Теперь имелись в виду слова Александра Николаевича Радищева, написанные им как раз в Тобольске (там Радищев перед Илимеком жил полгода и был допущен к Сибирским архивам в Шведской палате-рентерее).

Ты хочешь знать: кто я? что я? куда я еду? Я тот же, что и был и буду весь свой век: Не скот, не дерево, не раб, но человек!

Должен сказать, что радищевская аттестация самого себя была приставлена мною к тексту статьи отчасти неуклюже. Марьин мог посчитать ее и необязательной, он на ней явно споткнулся, но, поразмыслив, оставил ее, возможно, он понял, что эти слова нужны мне в моей житейской ситуации, я и впрямь несколько раз повторял их некиим собственным заклинанием и даже подстегивал ими себя. Но может, они оказались близки тогда и самому Марьину?

– Ну и что? – спросил я.

– Ничего, – сказала Чупихина. – Висит цитатка-то! Висит!

Я не посчитал нужным просвещать Чупихину относительно моих заклинаний.

– И воздушные страхи висят?

– Нет. Они уместны, – Чупихина будто пожалела меня или даже нацепила мне медаль. – Они-то как раз уместны.

– Ну слава Богу, хоть они уместны, – сказал я.

– А ты, Василек, не ехидничай! И не дерзи! – поставила меня на место Чупихина. – Ты еще не мастер. И мне неведомо, что написал ты. Может, Марьин лишь от щедрот своих и прикрепил к статье твою фамилию!

Я не стал досадовать на Чупихину. Какая она была, такая и была. Я даже почувствовал себя благодарным ей за то, что она осадила меня. Я на несколько часов вообразил нечто и не по делу распушил хвост. И все же я полагал, что мои четыре странички вышли самостоятельными по языку и по мыслям, и Марьин мою самостоятельность не упразднил. Этим, собственно, я и был доволен.

Чупихина ушла не сразу и будто бы пыталась открыть во мне нечто новое для себя. Но я-то уже понял: более всего ее интересует степень участия Марьина в написании статьи. И позже в разговорах со знакомыми, с Башкатовым, например, с К. В., Кириллом Валентиновичем (об этом расскажу особо), с Бодолиным и Ахметьевым (те дней через десять вернулись к делам на шестом этаже), я ощутил интерес, схожий с интересом Чупихиной. В случае с маэстро Бодолиным – болезненный. Причиной интереса у одних была профессиональная ревность, у других (Бодолин) – простейшая зависть. Марьин находился у нас в положении не только одного из лучших очеркистов, но еще и – “писателя в газете”. А личность такого рода считалась чуть ли не вредной. Опять же из-за зависти к ней. И – из-за ее неуправляемости, из-за несомненной независимости. Что не поощрялось. И теперь мои собеседники, невзначай, но будто бы для собственных внутренних нужд или успокоений, пытались открыть в Марьине профессиональные, пусть и мелкие, изъяны. Ничем не мог я их обрадовать. “Ну да, ты же историк. Ты снабдил его весомыми фактами, вот у него и получилось”, – вывел для себя утешительное Бодолин. Обведя в эссе карандашом мои личные страницы и прочитав их, он тоже не расстроился.

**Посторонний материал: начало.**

lemma half_step_floor_bounds:
  fixes e x :: real
  assumes "0 < e"
  shows "e/2 * of_int \<lfloor>2*x/e\<rfloor> \<le> x" "x < e/2 * of_int \<lfloor>2*x/e\<rfloor> + e/2"
proof -
  have "e/2 * of_int \<lfloor>2*x/e\<rfloor> \<le> e/2 * (2*x/e)"
    using assms by (intro mult_left_mono) auto
  then show "e/2 * of_int \<lfloor>2*x/e\<rfloor> \<le> x" using assms by simp
  have "e/2 * (2*x/e) < e/2 * (of_int \<lfloor>2*x/e\<rfloor> + 1)"
    using assms by (intro mult_strict_left_mono) auto
  then show "x < e/2 * of_int \<lfloor>2*x/e\<rfloor> + e/2" using assms by (simp add: algebra_simps)
qed

lemma infdist_offset_lattice:
  fixes e x :: real
  assumes e: "0 < e" and q: "\<lfloor>2*x/e\<rfloor> mod 4 = q"
  shows "infdist x (offset_lattice e q) = x - e/2 * of_int \<lfloor>2*x/e\<rfloor>"
proof (rule antisym)
  let ?n = "\<lfloor>2*x/e\<rfloor>"
  have bounds: "e/2 * of_int ?n \<le> x" "x < e/2 * of_int ?n + e/2"
    using half_step_floor_bounds[OF e] by blast+
  have "?n = 4 * (?n div 4) + q" using q by presburger
  then have "e/2 * of_int ?n \<in> offset_lattice e q"
    unfolding offset_lattice_def by (metis rangeI)
  from infdist_le[OF this, of x] show "infdist x (offset_lattice e q) \<le> x - e/2 * of_int ?n"
    using bounds by (simp add: dist_real_def)
  have ne: "offset_lattice e q \<noteq> {}" by (simp add: offset_lattice_def)
  show "x - e/2 * of_int ?n \<le> infdist x (offset_lattice e q)"
    unfolding infdist_notempty[OF ne]
  proof (rule cINF_greatest)
    fix y assume "y \<in> offset_lattice e q"
    then obtain m where y: "y = e/2 * of_int (4*m + q)" unfolding offset_lattice_def by blast
    have "4*m + q \<le> ?n \<or> ?n + 4 \<le> 4*m + q" using q by presburger
    then have "y \<le> e/2 * of_int ?n \<or> e/2 * (of_int ?n + 4) \<le> y"
      unfolding y using e by (auto intro: mult_left_mono)
    then show "x - e/2 * of_int ?n \<le> dist x y"
      using bounds e by (auto simp: dist_real_def algebra_simps)
  qed (fact ne)
qed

– А у тебя-то, старик, текст, пожалуй, поярче марьинского, – сказал Бодолин. – Но тоже конъюнктурный. И без блеска, старик. Без блеска!

"Какие же такие у меня могли появиться блески!” – чуть ли не польстил я вслух вкусам Бодолина.

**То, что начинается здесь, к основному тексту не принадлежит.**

lemma borel_measurable_fourier_partial_sum: "fourier_partial_sum N f \<in> borel_measurable borel"
  unfolding fourier_partial_sum_def
  by (intro borel_measurable_continuous_onI continuous_intros)


section \<open>The walk in Fourier space\<close>

text \<open>
  Under \<open>inv_fourier\<close>, multiplying the \<open>n\<close>-th coefficient by \<open>cos (2\<pi>(n\<Phi> + \<theta>))\<close> or
  \<open>sin (2\<pi>(n\<Phi> + \<theta>))\<close> becomes the following combination of the translates by \<open>\<plusminus>\<Phi>\<close>
  (\<open>inv_fourier_cos_mult\<close>, \<open>inv_fourier_sin_mult\<close>); \<open>fourier_coin\<close> and \<open>fourier_walk\<close> are the
  images of \<open>coin_op\<close> and \<open>UAMO\<close> (\<open>inv_fourier_UAMO\<close>).
\<close>

definition fourier_cos_mult :: "real \<Rightarrow> real \<Rightarrow> (real \<Rightarrow> complex) \<Rightarrow> real \<Rightarrow> complex" where
  "fourier_cos_mult Phi th F x =
     (cis (2 * pi * th) * F (x + Phi) + inverse (cis (2 * pi * th)) * F (x - Phi)) / 2"

definition fourier_sin_mult :: "real \<Rightarrow> real \<Rightarrow> (real \<Rightarrow> complex) \<Rightarrow> real \<Rightarrow> complex" where
  "fourier_sin_mult Phi th F x =
     (cis (2 * pi * th) * F (x + Phi) - inverse (cis (2 * pi * th)) * F (x - Phi)) / (2 * \<i>)"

А К. В., Кирилл Валентинович, остановил меня в вечерние часы в коридоре шестого этажа. Я спешил с третьей полосой (с вопросами) в иностранный отдел, а вопросы были заданы мне. Я налетел на К. В., хотел прошмыгнуть мимо него, но услышал:

– Подожди, Куделин. Я хотел тебя спросить…

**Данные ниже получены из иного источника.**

(* Let $a>0$, let $q$ be a continuous complex-valued function on $[-a,a]$, and let $K(x,t)$ be the solution of the Goursat problem $\big(\partial_x^{2}-q(x)\big)K=\partial_t^{2}K$, $K(x,x)=\frac12\int_0^x q(s)\,ds$, $K(x,-x)=0$. For $h\in\mathbb{C}$ define $$\mathbf{K}(x,t;h)=\frac{h}{2}+K(x,t)+\frac{h}{2}\int_{t}^{x}\big(K(x,s)-K(x,-s)\big)\,ds.$$ Then for all $h,h_1\in\mathbb{C}$, $$\mathbf{K}(x,t;h)=\frac{h-h_1}{2}+\mathbf{K}(x,t;h_1)+\frac{h-h_1}{2}\int_t^x\big(\mathbf{K}(x,s;h_1)-\mathbf{K}(x,-s;h_1)\big)\,ds.$$ *)

theory Defs
  imports "HOL-Analysis.Analysis"
begin

definition goursat_dom :: "real \<Rightarrow> (real \<times> real) set" where
  "goursat_dom a = {(x, t). \<bar>t\<bar> \<le> \<bar>x\<bar> \<and> \<bar>x\<bar> \<le> a}"

definition goursat_int :: "real \<Rightarrow> (real \<times> real) set" where
  "goursat_int a = {(x, t). \<bar>t\<bar> < \<bar>x\<bar> \<and> \<bar>x\<bar> < a}"

definition test_fun ::
  "(real \<times> real) set \<Rightarrow> (real \<Rightarrow> real \<Rightarrow> real) \<Rightarrow> (real \<Rightarrow> real \<Rightarrow> real) \<Rightarrow>
   (real \<Rightarrow> real \<Rightarrow> real) \<Rightarrow> (real \<Rightarrow> real \<Rightarrow> real) \<Rightarrow> (real \<Rightarrow> real \<Rightarrow> real) \<Rightarrow> bool" where
  "test_fun U \<phi> \<phi>x \<phi>xx \<phi>t \<phi>tt \<longleftrightarrow>
     (\<forall>x t. ((\<lambda>y. \<phi> y t) has_real_derivative \<phi>x x t) (at x) \<and>
            ((\<lambda>y. \<phi>x y t) has_real_derivative \<phi>xx x t) (at x) \<and>
            ((\<lambda>s. \<phi> x s) has_real_derivative \<phi>t x t) (at t) \<and>
            ((\<lambda>s. \<phi>t x s) has_real_derivative \<phi>tt x t) (at t)) \<and>
     continuous_on UNIV (\<lambda>(x, t). \<phi> x t) \<and>
     continuous_on UNIV (\<lambda>(x, t). \<phi>x x t) \<and>
     continuous_on UNIV (\<lambda>(x, t). \<phi>t x t) \<and>
     continuous_on UNIV (\<lambda>(x, t). \<phi>xx x t) \<and>
     continuous_on UNIV (\<lambda>(x, t). \<phi>tt x t) \<and>
     compact (closure {(x, t). \<phi> x t \<noteq> 0}) \<and>
     closure {(x, t). \<phi> x t \<noteq> 0} \<subseteq> U"

text \<open>K is the (generalized, continuous) solution of the Goursat problem
  (d_x^2 - q(x)) K = d_t^2 K,  K(x,x) = 1/2 int_0^x q,  K(x,-x) = 0,
  on |t| <= |x| <= a; the equation is understood in the sense of distributions
  on the interior of the domain (for merely continuous q, K need not be C^2).\<close>
definition goursat_solution ::
  "real \<Rightarrow> (real \<Rightarrow> complex) \<Rightarrow> (real \<Rightarrow> real \<Rightarrow> complex) \<Rightarrow> bool" where
  "goursat_solution a q K \<longleftrightarrow>
     continuous_on (goursat_dom a) (\<lambda>(x, t). K x t) \<and>
     (\<forall>x\<in>{-a..a}. K x x = (LBINT s=0..x. q s) / 2 \<and> K x (-x) = 0) \<and>
     (\<forall>\<phi> \<phi>x \<phi>xx \<phi>t \<phi>tt. test_fun (goursat_int a) \<phi> \<phi>x \<phi>xx \<phi>t \<phi>tt \<longrightarrow>
        (LINT x|lborel. LINT t|lborel.
           K x t * complex_of_real (\<phi>xx x t - \<phi>tt x t) - q x * K x t * complex_of_real (\<phi> x t)) = 0)"

text \<open>The kernel bold-K(x,t;h); the integral is oriented (from t to x).\<close>
definition bigK :: "(real \<Rightarrow> real \<Rightarrow> complex) \<Rightarrow> real \<Rightarrow> real \<Rightarrow> complex \<Rightarrow> complex" where
  "bigK K x t h = h / 2 + K x t + h / 2 * (LBINT s=t..x. K x s - K x (-s))"

end

theory Submission
  imports Defs
begin

(* For fixed x the kernel bold-K(x,t;h) is affine in h, with slope (1 + int_t^x D)/2 where
   D(s) = K(x,s) - K(x,-s). Since D is odd, int_s^x D = int_{-s}^x D, so the integrand
   bold-K(x,s;h1) - bold-K(x,-s;h1) of the identity collapses to D(s), whatever h1 is,
   and the identity reduces to the affine dependence on h. *)

lemma interval_integral_odd_eq_0:
  fixes f :: "real \<Rightarrow> 'a::{banach, second_countable_topology}"
  assumes "\<And>r. f (-r) = - f r"
  shows "(LBINT r=ereal s..ereal (-s). f r) = 0"
proof -
  have "(LBINT r=ereal s..ereal (-s). f r) = (LBINT r=ereal s..ereal (-s). - f r)"
    using interval_integral_reflect[where f=f and a="ereal s" and b="ereal (-s)"] assms by simp
  also have "\<dots> = - (LBINT r=ereal s..ereal (-s). f r)"
    by (rule interval_lebesgue_integral_uminus)
  finally have "2 *\<^sub>R (LBINT r=ereal s..ereal (-s). f r) = 0"
    by (simp add: scaleR_2 eq_neg_iff_add_eq_0)
  then show ?thesis by simp
qed

lemma interval_integrable_continuous_on_between:
  fixes f :: "real \<Rightarrow> 'a::{banach, second_countable_topology}"
  assumes "continuous_on {l..r} f" "u \<in> {l..r}" "v \<in> {l..r}"
  shows "interval_lebesgue_integrable lborel (ereal u) (ereal v) f"
proof -
  have "interval_lebesgue_integrable lborel (ereal (min u v)) (ereal (max u v)) f"
    using assms by (intro interval_integrable_continuous_on) (auto elim!: continuous_on_subset)
  then show ?thesis
    by (cases "u \<le> v") (auto simp: min_def max_def interval_integrable_endpoints_reverse)
qed

lemma interval_integral_odd_reflect_lower:
  fixes f :: "real \<Rightarrow> 'a::{banach, second_countable_topology}"
  assumes odd: "\<And>r. f (-r) = - f r"
    and cont: "continuous_on {-c..c} f" and "\<bar>s\<bar> \<le> c" "\<bar>x\<bar> \<le> c"
  shows "(LBINT r=ereal s..ereal x. f r) = (LBINT r=ereal (-s)..ereal x. f r)"
proof -
  have "min (ereal s) (min (ereal (-s)) (ereal x)) = ereal (min s (min (-s) x))"
       "max (ereal s) (max (ereal (-s)) (ereal x)) = ereal (max s (max (-s) x))"
    by (simp_all add: min_def max_def)
  moreover have "interval_lebesgue_integrable lborel
      (ereal (min s (min (-s) x))) (ereal (max s (max (-s) x))) f"
    using assms by (intro interval_integrable_continuous_on_between[OF cont]) auto
  ultimately have "(LBINT r=ereal s..ereal (-s). f r) + (LBINT r=ereal (-s)..ereal x. f r)
      = (LBINT r=ereal s..ereal x. f r)"
    by (intro interval_integral_sum) simp
  then show ?thesis using interval_integral_odd_eq_0[of f s, OF odd] by simp
qed

lemma bigK_affine:
  "bigK K x t h = bigK K x t h1 + (h - h1) / 2 * (1 + (LBINT s=t..x. K x s - K x (-s)))"
  unfolding bigK_def by (simp add: field_simps)

lemma bigK_odd_part:
  assumes cont: "continuous_on {-\<bar>x\<bar>..\<bar>x\<bar>} (K x)" and "\<bar>s\<bar> \<le> \<bar>x\<bar>"
  shows "bigK K x s h - bigK K x (-s) h = K x s - K x (-s)"
proof -
  have "continuous_on {-\<bar>x\<bar>..\<bar>x\<bar>} (\<lambda>r. K x r - K x (-r))"
    by (intro continuous_intros cont continuous_on_compose2[OF cont]) auto
  then have "(LBINT r=ereal s..ereal x. K x r - K x (-r))
      = (LBINT r=ereal (-s)..ereal x. K x r - K x (-r))"
    using assms by (intro interval_integral_odd_reflect_lower) auto
  then show ?thesis unfolding bigK_def by simp
qed

lemma goursat_solution_continuous_slice:
  assumes "goursat_solution a q K" "\<bar>x\<bar> \<le> a"
  shows "continuous_on {-\<bar>x\<bar>..\<bar>x\<bar>} (K x)"
proof -
  have "continuous_on (goursat_dom a) (\<lambda>(x, t). K x t)"
    using assms(1) by (simp add: goursat_solution_def)
  then have "continuous_on {-\<bar>x\<bar>..\<bar>x\<bar>} ((\<lambda>(x, t). K x t) \<circ> Pair x)"
    using assms(2)
    by (intro continuous_on_compose continuous_intros)
      (auto elim!: continuous_on_subset simp: goursat_dom_def)
  then show ?thesis by (simp add: o_def)
qed

theorem mainTheorem3:
  fixes a :: real and q :: "real \<Rightarrow> complex" and K :: "real \<Rightarrow> real \<Rightarrow> complex"
    and h h1 :: complex and x t :: real
  assumes "a > 0"
    and "continuous_on {-a..a} q"
    and "goursat_solution a q K"
    and "(x, t) \<in> goursat_dom a"
  shows "bigK K x t h = (h - h1) / 2 + bigK K x t h1
           + (h - h1) / 2 * (LBINT s=t..x. bigK K x s h1 - bigK K x (-s) h1)"
proof -
  have t: "\<bar>t\<bar> \<le> \<bar>x\<bar>" and x: "\<bar>x\<bar> \<le> a"
    using assms(4) by (auto simp: goursat_dom_def)
  have cont: "continuous_on {-\<bar>x\<bar>..\<bar>x\<bar>} (K x)"
    using goursat_solution_continuous_slice[OF assms(3) x] .
  have "(LBINT s=t..x. bigK K x s h1 - bigK K x (-s) h1) = (LBINT s=t..x. K x s - K x (-s))"
  proof (rule interval_integral_cong)
    fix s assume "s \<in> einterval (min (ereal t) (ereal x)) (max (ereal t) (ereal x))"
    then have "\<bar>s\<bar> \<le> \<bar>x\<bar>"
      using t by (auto simp: einterval_iff min_def max_def split: if_splits)
    then show "bigK K x s h1 - bigK K x (-s) h1 = K x s - K x (-s)"
      by (rule bigK_odd_part[where K=K and x=x, OF cont])
  qed
  then show ?thesis
    using bigK_affine[of K x t h h1] by (simp add: algebra_simps)
qed

end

Я предполагал, что возникнет разговор по номеру. Но Кирилл Валентинович меня удивил:

– Марьин уверяет, что в вашей… в вашем эссе… твои страницы, им не правленные, следуют от и до… – и были наизусть названы фразы из статьи, что тоже не могло меня не удивить.

– Марьин точен, – сказал я. – И вы точны.

– Н-да… – задумался К. В. – Не ожидал от тебя, откровенно говоря, не ожидал…

Он будто опечалился, и чтобы облегчить его печали, я выпалил:

– Но направление-то статьи – Марьина. И характер сбора материала он определял!

Но и отведением себе роли вспомогательного сотрудника (в театрах, помнится, был такой – вспомогательный состав) я, похоже, не угодил К. В.

– Ну, с Марьиным дело ясное, – махнул рукой К. В. – А ты что же, все продолжаешь жить Акакием Акакиевичем? Или и впрямь прикидываешься им?

– Никем я не прикидываюсь, – буркнул я.

– Интерес мой вызван вот чем, – сказал К. В. – Ваше эссе внесли в список лучших материалов месяца. Мне нужно было знать степень участия в работе каждого. Я и узнал.